When the string "vadd" is part of a line below, that line should be copied.

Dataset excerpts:
┄┄┄┄┄┄
lemma propR_imp_propP:
  assumes \<epsilon>: "0 < \<epsilon>" and M: "1 < real M * \<epsilon> ^ 3 / 2"
    and R: "propR p n (\<epsilon> ^ 3 * density_floor p \<epsilon> M / 2) A"
  shows "propP p n \<epsilon> A"
proof (rule ccontr)
  let ?\<alpha> = set_density and ?N = "real N" and ?L = "density_floor p \<epsilon>"
  assume "\<not> propP p n \<epsilon> A"
  then obtain a0 H0 where a0: "a0 \<in> V" and H0: "linear_subspace p n H0"
    and dev: "\<epsilon> * ?N < \<bar>real (card (A \<inter> vadd p a0 ` H0))
                  - real (card A) * real (card (vadd p a0 ` H0)) / ?N\<bar>"
    unfolding propP_def affine_subspace_def by (auto simp: not_le)
  note H0_big = deviation_imp_variance[OF H0 a0 less_imp_le[OF \<epsilon>] dev]
  define \<eta> where "\<eta> = spec_threshold p \<epsilon>"
  define K where "K = spec_chain H0 \<eta>"
  obtain j where "j < M" and inc: "energy (K (Suc j)) - energy (K j) \<le> \<epsilon>^3 / 2 * ?N"
    and var: "\<epsilon>^2 * ?N \<le> (\<Sum>x\<in>V. (Fpn_subspace.avg p (K j) ind x - ?\<alpha>)^2)"
    using spec_chain_small_increment[OF H0 M H0_big(3)] unfolding K_def by blast
  have K_lin: "linear_subspace p n (K j')" for j'
    unfolding K_def by (rule linear_subspace_spec_chain[OF H0])
  have "0 < \<eta> j"
    using density_floor_pos[OF p_pos \<epsilon>] \<epsilon> by (simp add: \<eta>_def spec_threshold_def)
  then have small: "\<forall>z\<in>V. cmod (fourier (\<lambda>x. complex_of_real
                  (ind x - Fpn_subspace.avg p (K (Suc j)) ind x)) z) \<le> \<eta> j"
    using fourier_ind_minus_avg_spec_chain[OF H0] by (simp add: K_def)
  define k where "k = real (card (K j))"
  define T where "T = Fpn_subspace.ap3_sum_in p n (K j) ind ind ind"
  have k_ge: "?L j * ?N \<le> k"
    using card_spec_chain_ge[OF H0 \<epsilon>] H0_big(1) by (simp add: k_def K_def \<eta>_def)
  have "14 * (?N * \<eta> j) = \<epsilon>^3 * (?L j * ?N)"
    by (simp add: \<eta>_def spec_threshold_def)
  also have "\<dots> \<le> \<epsilon>^3 * k"
    using k_ge \<epsilon> by (intro mult_left_mono) simp_all
  finally have err: "14 * (?N * \<eta> j) \<le> \<epsilon>^3 * k" .
  have "k * ?N * (?\<alpha>^3 + \<epsilon>^3) \<le> T"
    unfolding k_def T_def
    by (rule ap3_sum_in_ind_lower_bound[OF K_lin K_lin _ \<epsilon> H0_big(2) var inc small err[unfolded k_def]])
      (simp add: K_def)
  moreover have "T \<le> real (card A) ^ 3 * k / ?N^2 + \<epsilon>^3 * ?L M / 2 * ?N^2"
    using R K_lin[of j] Fpn_subspace_iff
    by (simp add: propR_def Fpn_subspace.ap3_sum_in_def ind_def k_def T_def)
  moreover have "real (card A) ^ 3 * k / ?N^2 = k * ?N * ?\<alpha>^3"
    by (simp add: card_A_eq power3_eq_cube power2_eq_square field_simps)
  moreover have "k * ?N * (?\<alpha>^3 + \<epsilon>^3) = k * ?N * ?\<alpha>^3 + \<epsilon>^3 * (?N * k)"
    "\<epsilon>^3 * ?L M / 2 * ?N^2 = \<epsilon>^3 * (?N * (?L M * ?N / 2))"
    by (simp_all add: algebra_simps power2_eq_square)
  ultimately have "\<epsilon>^3 * (?N * k) \<le> \<epsilon>^3 * (?N * (?L M * ?N / 2))" by linarith
  then have "k \<le> ?L M * ?N / 2" using \<epsilon> by simp
  moreover have "?L M * ?N \<le> ?L j * ?N"
    using density_floor_antimono[OF p_pos \<epsilon>, of j M] \<open>j < M\<close> by simp
  moreover have "0 < ?L M * ?N" using density_floor_pos[OF p_pos \<epsilon>] by simp
  ultimately show False using k_ge by linarith
qed

end

theorem mainTheorem17:
  fixes p :: nat and \<epsilon> :: real
  assumes "prime p" and "odd p" and "\<epsilon> > 0"
  shows "\<exists>\<delta>>0. \<forall>n. \<forall>A. A \<subseteq> Fpn p n \<longrightarrow> propR p n \<delta> A \<longrightarrow> propP p n \<epsilon> A"
proof -
  define M where "M = nat \<lceil>2 / \<epsilon> ^ 3\<rceil> + 1"
  have "2 / \<epsilon> ^ 3 < real M" unfolding M_def by linarith
  then have M: "1 < real M * \<epsilon> ^ 3 / 2" using assms(3) by (simp add: field_simps)
  have "0 < \<epsilon> ^ 3 * density_floor p \<epsilon> M / 2"
    using density_floor_pos[OF prime_gt_0_nat[OF assms(1)] assms(3)] assms(3) by simp
  moreover have "propP p n \<epsilon> A"
    if "A \<subseteq> Fpn p n" "propR p n (\<epsilon> ^ 3 * density_floor p \<epsilon> M / 2) A" for n A
  proof -
    interpret Fpn_set p n A using assms(1,2) that(1) by unfold_locales
    show ?thesis by (rule propR_imp_propP[OF assms(3) M that(2)])
  qed
  ultimately show ?thesis by blast
qed

end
┄┄┄┄┄┄
_Result:_
    and dev: "\<epsilon> * ?N < \<bar>real (card (A \<inter> vadd p a0 ` H0))
                  - real (card A) * real (card (vadd p a0 ` H0)) / ?N\<bar>"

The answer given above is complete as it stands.